Camila Cabello on Debut Album: ‘This Sounds Like Me and Only Me’
Long before a dramatic she said-they said split from the girl group Fifth Harmony, Camila Cabello was planting the seeds for what is looking to become a fruitful solo career. She cracked the Top 20 with friend Shawn Mendes in 2015, and her collaboration “Bad Things” with Machine Gun Kelly topped off at Number Four. Following up the strong precedent set by those songs, the 20-year-old has been establishing herself as a versatile, budding pop diva with singles like “Havana” and “Crying in the Club,” which will appear on her debut solo LP The Hurting. The Healing. The Loving. (The LP’s exact fall release date yet has not yet been announced.)
“It’s kind of like having a huge block of marble and carving out a statue,” she tells Rolling Stone of the process of culling together lyrics, stories and music from the last few years of her life. She wrote the lyrics for the ballad “I Have Questions” a year and a half ago, while “I’ll Never Be the Same” was inspired by a relationship she had a couple years back. “In the Dark” had been written the day after the Grammys about an encounter with an unnamed famous boy she had met at an after-party.
“The final product becomes more clear to you the more you carve at it and work on it. There were songs that five months ago were my favorite songs, and then two weeks after [we] scrapped it from the album,” she explains. “Through trial and error, I’ve written enough finished songs to be able to say ‘Okay, this is me. This sounds like me and only me, and this separates me from what other people are doing.'”
As Cabello perfects her debut statement as a singular artist outside of her former group, she is adjusting to the independence and authority she now has over her music.
“[The songs were] mostly written by other people,” she recalls of the quick, two week process to make Fifth Harmony albums. “There’s absolutely nothing wrong with that, it’s just not for me. It has to be me in order for me to be happy with the result.
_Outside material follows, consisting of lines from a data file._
(* In the baseline dynamic game described in the context (standing assumptions (A1)–(A4), any $\delta\in[0,1)$), for any seller strategy and any buyer strategy that is a best response to it for every type, the seller's expected discounted payoff is at most $\pi(F)$.
   Context: Fix $\underline{\theta}<\overline{\theta}$ and $0<\underline{x}<\overline{x}$. The buyer's private type $\theta\in[\underline{\theta},\overline{\theta}]$ has CDF $F$ and density $f$ (total mass one). Let $v:[0,\overline{x}]\to\mathbb{R}$ be strictly concave, continuously differentiable, $v(0)=0$ (A1). For $x\in[\underline{x},\overline{x}]$, $u(x,\theta)=\max_{0\le x'\le x}[v(x')+\theta x']$; $x^e(\theta)$ is the unique maximizer of $v(x')+\theta x'$ over $[0,\overline{x}]$. Standing assumptions: (A2) $0<m\le f\le M$ for constants $m,M$, and $\theta-\frac{1-F(\theta)}{f(\theta)}$ strictly increasing; (A3) $0<x^e(\underline{\theta})\le\underline{x}$; (A4) $v(x^e(\theta))+\big(\theta-\frac{1-F(\theta)}{f(\theta)}\big)x^e(\theta)\ge0$ for all $\theta$. Static benchmark: a mechanism assigns each type $\theta$ a trade probability $q(\theta)\in[0,1]$, a distribution over allocations $x(\theta)\in[\underline{x},\overline{x}]$ and a payment $p(\theta)$; it is incentive compatible if $q(\theta)\mathbb{E}[u(x(\theta),\theta)]-p(\theta)\ge q(\theta')\mathbb{E}[u(x(\theta'),\theta)]-p(\theta')$ for all $\theta,\theta'$, individually rational if $q(\theta)\mathbb{E}[u(x(\theta),\theta)]-p(\theta)\ge0$. $\pi(F)$ is the maximal expected revenue $\int p\,dF$ over IC and IR mechanisms. Dynamic game: discrete time $t=0,1,\dots$, discount factor $\delta\in[0,1)$. Each period the seller (possibly randomizing, as a function of the history of past offers and decisions) posts one offer $(x_t,p_t)\in[\underline{x},\overline{x}]\times\mathbb{R}$; a buyer who has not purchased accepts or waits (measurably in type, mixing allowed). Acceptance by type $\theta$ at $t$ gives buyer $\delta^t(u(x_t,\theta)-p_t)$ and seller $\delta^tp_t$ and ends the game for that buyer; no purchase gives both $0$. The seller's expected payoff integrates over types according to $F$. *)

theory Defs
  imports "HOL-Probability.Probability"
begin

definition strict_concave_on :: "real set \<Rightarrow> (real \<Rightarrow> real) \<Rightarrow> bool" where
  "strict_concave_on S g \<longleftrightarrow> convex S \<and>
     (\<forall>x\<in>S. \<forall>y\<in>S. x \<noteq> y \<longrightarrow> (\<forall>t::real. 0 < t \<and> t < 1 \<longrightarrow>
        g ((1 - t) * x + t * y) > (1 - t) * g x + t * g y))"

definition C1_on_interval :: "real \<Rightarrow> real \<Rightarrow> (real \<Rightarrow> real) \<Rightarrow> bool" where
  "C1_on_interval a b g \<longleftrightarrow> (\<exists>g'. (\<forall>x\<in>{a..b}. (g has_real_derivative g' x) (at x within {a..b}))
                                \<and> continuous_on {a..b} g')"

definition util :: "(real \<Rightarrow> real) \<Rightarrow> real \<Rightarrow> real \<Rightarrow> real" where
  "util v x \<theta> = Sup ((\<lambda>x'. v x' + \<theta> * x') ` {0..x})"

definition xeff :: "(real \<Rightarrow> real) \<Rightarrow> real \<Rightarrow> real \<Rightarrow> real" where
  "xeff v xh \<theta> = (THE y. y \<in> {0..xh} \<and> (\<forall>z\<in>{0..xh}. v z + \<theta> * z \<le> v y + \<theta> * y))"

definition virt :: "(real \<Rightarrow> real) \<Rightarrow> (real \<Rightarrow> real) \<Rightarrow> real \<Rightarrow> real" where
  "virt F f \<theta> = \<theta> - (1 - F \<theta>) / f \<theta>"

definition typeM :: "real \<Rightarrow> real \<Rightarrow> (real \<Rightarrow> real) \<Rightarrow> real measure" where
  "typeM tlo thi f = density lborel (\<lambda>\<theta>. ennreal (indicator {tlo..thi} \<theta> * f \<theta>))"

definition A1 :: "real \<Rightarrow> (real \<Rightarrow> real) \<Rightarrow> bool" where
  "A1 xh v \<longleftrightarrow> strict_concave_on {0..xh} v \<and> C1_on_interval 0 xh v \<and> v 0 = 0"

definition A2 :: "real \<Rightarrow> real \<Rightarrow> (real \<Rightarrow> real) \<Rightarrow> (real \<Rightarrow> real) \<Rightarrow> bool" where
  "A2 tlo thi F f \<longleftrightarrow>
     f \<in> borel_measurable borel \<and>
     (\<forall>\<theta>\<in>{tlo..thi}. F \<theta> = (LINT t:{tlo..\<theta>}|lborel. f t)) \<and> F thi = 1 \<and>
     (\<exists>m M. 0 < m \<and> (\<forall>\<theta>\<in>{tlo..thi}. m \<le> f \<theta> \<and> f \<theta> \<le> M)) \<and>
     strict_mono_on {tlo..thi} (virt F f)"

definition A3 :: "real \<Rightarrow> real \<Rightarrow> real \<Rightarrow> (real \<Rightarrow> real) \<Rightarrow> bool" where
  "A3 tlo xl xh v \<longleftrightarrow> 0 < xeff v xh tlo \<and> xeff v xh tlo \<le> xl"

definition A4 :: "real \<Rightarrow> real \<Rightarrow> real \<Rightarrow> (real \<Rightarrow> real) \<Rightarrow> (real \<Rightarrow> real) \<Rightarrow> (real \<Rightarrow> real) \<Rightarrow> bool" where
  "A4 tlo thi xh F f v \<longleftrightarrow>
     (\<forall>\<theta>\<in>{tlo..thi}. v (xeff v xh \<theta>) + virt F f \<theta> * xeff v xh \<theta> \<ge> 0)"

text \<open>Expected utility of type theta from a lottery X over allocations in [xl,xh]
  (the integrand is evaluated at the allocation clamped to [xl,xh], which changes nothing
   since X is concentrated on [xl,xh], but makes the integrand globally measurable).\<close>
definition exp_util :: "real \<Rightarrow> real \<Rightarrow> (real \<Rightarrow> real) \<Rightarrow> real measure \<Rightarrow> real \<Rightarrow> real" where
  "exp_util xl xh v X \<theta> = (LINT x|X. util v (max xl (min xh x)) \<theta>)"

text \<open>A (direct) mechanism: trade probability q, allocation lottery X, payment p.\<close>
definition mechanism :: "real \<Rightarrow> real \<Rightarrow> real \<Rightarrow> real \<Rightarrow> (real \<Rightarrow> real) \<Rightarrow> (real \<Rightarrow> real measure) \<Rightarrow> bool" where
  "mechanism tlo thi xl xh q X \<longleftrightarrow>
     (\<forall>\<theta>\<in>{tlo..thi}. 0 \<le> q \<theta> \<and> q \<theta> \<le> 1 \<and> prob_space (X \<theta>) \<and>
        sets (X \<theta>) = sets (borel :: real measure) \<and> (AE x in X \<theta>. x \<in> {xl..xh}))"

definition IC :: "real \<Rightarrow> real \<Rightarrow> real \<Rightarrow> real \<Rightarrow> (real \<Rightarrow> real) \<Rightarrow> (real \<Rightarrow> real) \<Rightarrow> (real \<Rightarrow> real measure) \<Rightarrow> (real \<Rightarrow> real) \<Rightarrow> bool" where
  "IC tlo thi xl xh v q X p \<longleftrightarrow>
     (\<forall>\<theta>\<in>{tlo..thi}. \<forall>\<theta>'\<in>{tlo..thi}.
        q \<theta> * exp_util xl xh v (X \<theta>) \<theta> - p \<theta> \<ge> q \<theta>' * exp_util xl xh v (X \<theta>') \<theta> - p \<theta>')"

definition IR :: "real \<Rightarrow> real \<Rightarrow> real \<Rightarrow> real \<Rightarrow> (real \<Rightarrow> real) \<Rightarrow> (real \<Rightarrow> real) \<Rightarrow> (real \<Rightarrow> real measure) \<Rightarrow> (real \<Rightarrow> real) \<Rightarrow> bool" where
  "IR tlo thi xl xh v q X p \<longleftrightarrow> (\<forall>\<theta>\<in>{tlo..thi}. q \<theta> * exp_util xl xh v (X \<theta>) \<theta> - p \<theta> \<ge> 0)"

text \<open>pi(F): the supremum of expected revenue over IC and IR mechanisms
  (whose payment rule is integrable, so that expected revenue is defined).\<close>
definition static_rev :: "real \<Rightarrow> real \<Rightarrow> real \<Rightarrow> real \<Rightarrow> (real \<Rightarrow> real) \<Rightarrow> (real \<Rightarrow> real) \<Rightarrow> real" where
  "static_rev tlo thi xl xh f v = Sup {(LINT \<theta>|typeM tlo thi f. p \<theta>) | q X p.
       mechanism tlo thi xl xh q X \<and> IC tlo thi xl xh v q X p \<and> IR tlo thi xl xh v q X p \<and>
       integrable (typeM tlo thi f) p}"

type_synonym offers = "nat \<Rightarrow> real \<times> real"

definition OffersM :: "offers measure" where
  "OffersM = PiM UNIV (\<lambda>_. borel)"

text \<open>Before acceptance the seller's history consists of past offers and
  rejections only, so a (randomised, history-dependent) behaviour strategy of the seller is
  (via Ionescu-Tulcea / Kuhn) the same thing as a probability distribution over offer sequences;
  allocations are in [xl,xh].\<close>
definition seller_strategy :: "real \<Rightarrow> real \<Rightarrow> offers measure \<Rightarrow> bool" where
  "seller_strategy xl xh \<mu> \<longleftrightarrow> prob_space \<mu> \<and> sets \<mu> = sets OffersM \<and>
     (AE s in \<mu>. \<forall>t. fst (s t) \<in> {xl..xh})"

text \<open>A buyer strategy of a single type: b t s is the probability of accepting at period t
  (given no earlier purchase), depending only on the offers s 0, ..., s t, measurably.\<close>
definition buyer_rule :: "(nat \<Rightarrow> offers \<Rightarrow> real) \<Rightarrow> bool" where
  "buyer_rule b \<longleftrightarrow> (\<forall>t s. 0 \<le> b t s \<and> b t s \<le> 1) \<and>
     (\<forall>t s s'. (\<forall>k\<le>t. s k = s' k) \<longrightarrow> b t s = b t s') \<and>
     (\<forall>t. b t \<in> borel_measurable OffersM)"

definition buyer_strategy :: "(real \<Rightarrow> nat \<Rightarrow> offers \<Rightarrow> real) \<Rightarrow> bool" where
  "buyer_strategy \<beta> \<longleftrightarrow> (\<forall>\<theta>. buyer_rule (\<beta> \<theta>)) \<and>
     (\<forall>t. (\<lambda>(\<theta>, s). \<beta> \<theta> t s) \<in> borel_measurable (borel \<Otimes>\<^sub>M OffersM))"

definition acc_prob :: "(nat \<Rightarrow> offers \<Rightarrow> real) \<Rightarrow> nat \<Rightarrow> offers \<Rightarrow> real" where
  "acc_prob b t s = b t s * (\<Prod>k<t. 1 - b k s)"

definition PathTimeM :: "offers measure \<Rightarrow> (offers \<times> nat) measure" where
  "PathTimeM \<mu> = \<mu> \<Otimes>\<^sub>M count_space UNIV"

definition buyer_flow :: "real \<Rightarrow> real \<Rightarrow> (real \<Rightarrow> real) \<Rightarrow> real \<Rightarrow> real \<Rightarrow> (nat \<Rightarrow> offers \<Rightarrow> real) \<Rightarrow> offers \<times> nat \<Rightarrow> real" where
  "buyer_flow xl xh v \<delta> \<theta> b = (\<lambda>(s, t). \<delta> ^ t * acc_prob b t s * (util v (max xl (min xh (fst (s t)))) \<theta> - snd (s t)))"

definition buyer_payoff :: "real \<Rightarrow> real \<Rightarrow> (real \<Rightarrow> real) \<Rightarrow> real \<Rightarrow> offers measure \<Rightarrow> real \<Rightarrow> (nat \<Rightarrow> offers \<Rightarrow> real) \<Rightarrow> real" where
  "buyer_payoff xl xh v \<delta> \<mu> \<theta> b = (LINT z|PathTimeM \<mu>. buyer_flow xl xh v \<delta> \<theta> b z)"

definition best_response :: "real \<Rightarrow> real \<Rightarrow> (real \<Rightarrow> real) \<Rightarrow> real \<Rightarrow> offers measure \<Rightarrow> real \<Rightarrow> (nat \<Rightarrow> offers \<Rightarrow> real) \<Rightarrow> bool" where
  "best_response xl xh v \<delta> \<mu> \<theta> b \<longleftrightarrow> buyer_rule b \<and>
     integrable (PathTimeM \<mu>) (buyer_flow xl xh v \<delta> \<theta> b) \<and>
     (\<forall>b'. buyer_rule b' \<and> integrable (PathTimeM \<mu>) (buyer_flow xl xh v \<delta> \<theta> b') \<longrightarrow>
        buyer_payoff xl xh v \<delta> \<mu> \<theta> b' \<le> buyer_payoff xl xh v \<delta> \<mu> \<theta> b)"

definition seller_flow :: "real \<Rightarrow> (real \<Rightarrow> nat \<Rightarrow> offers \<Rightarrow> real) \<Rightarrow> real \<times> (offers \<times> nat) \<Rightarrow> real" where
  "seller_flow \<delta> \<beta> = (\<lambda>(\<theta>, (s, t)). \<delta> ^ t * acc_prob (\<beta> \<theta>) t s * snd (s t))"

definition seller_payoff :: "real \<Rightarrow> real \<Rightarrow> (real \<Rightarrow> real) \<Rightarrow> real \<Rightarrow> offers measure \<Rightarrow> (real \<Rightarrow> nat \<Rightarrow> offers \<Rightarrow> real) \<Rightarrow> real" where
  "seller_payoff tlo thi f \<delta> \<mu> \<beta> = (LINT z|(typeM tlo thi f \<Otimes>\<^sub>M PathTimeM \<mu>). seller_flow \<delta> \<beta> z)"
I get to make mistakes, correct them and learn and keep growing.”
As she continues cutting, adding and fine-tuning the record, its themes of home and roots – specifically hers in Havana and Miami – have remained a through-line. She had kept the name of her birthplace, Havana, on a brainstorm list before she entered the studio with producer Frank Dukes, and it ended up being the second song they recorded.
“[Frank] was a big part of taking a classic part of Latin culture and combining it with something new and modern,” Cabello says. “Together we made an album that’s just reflective of me in every way. It’s what’s inside my head and my heart.”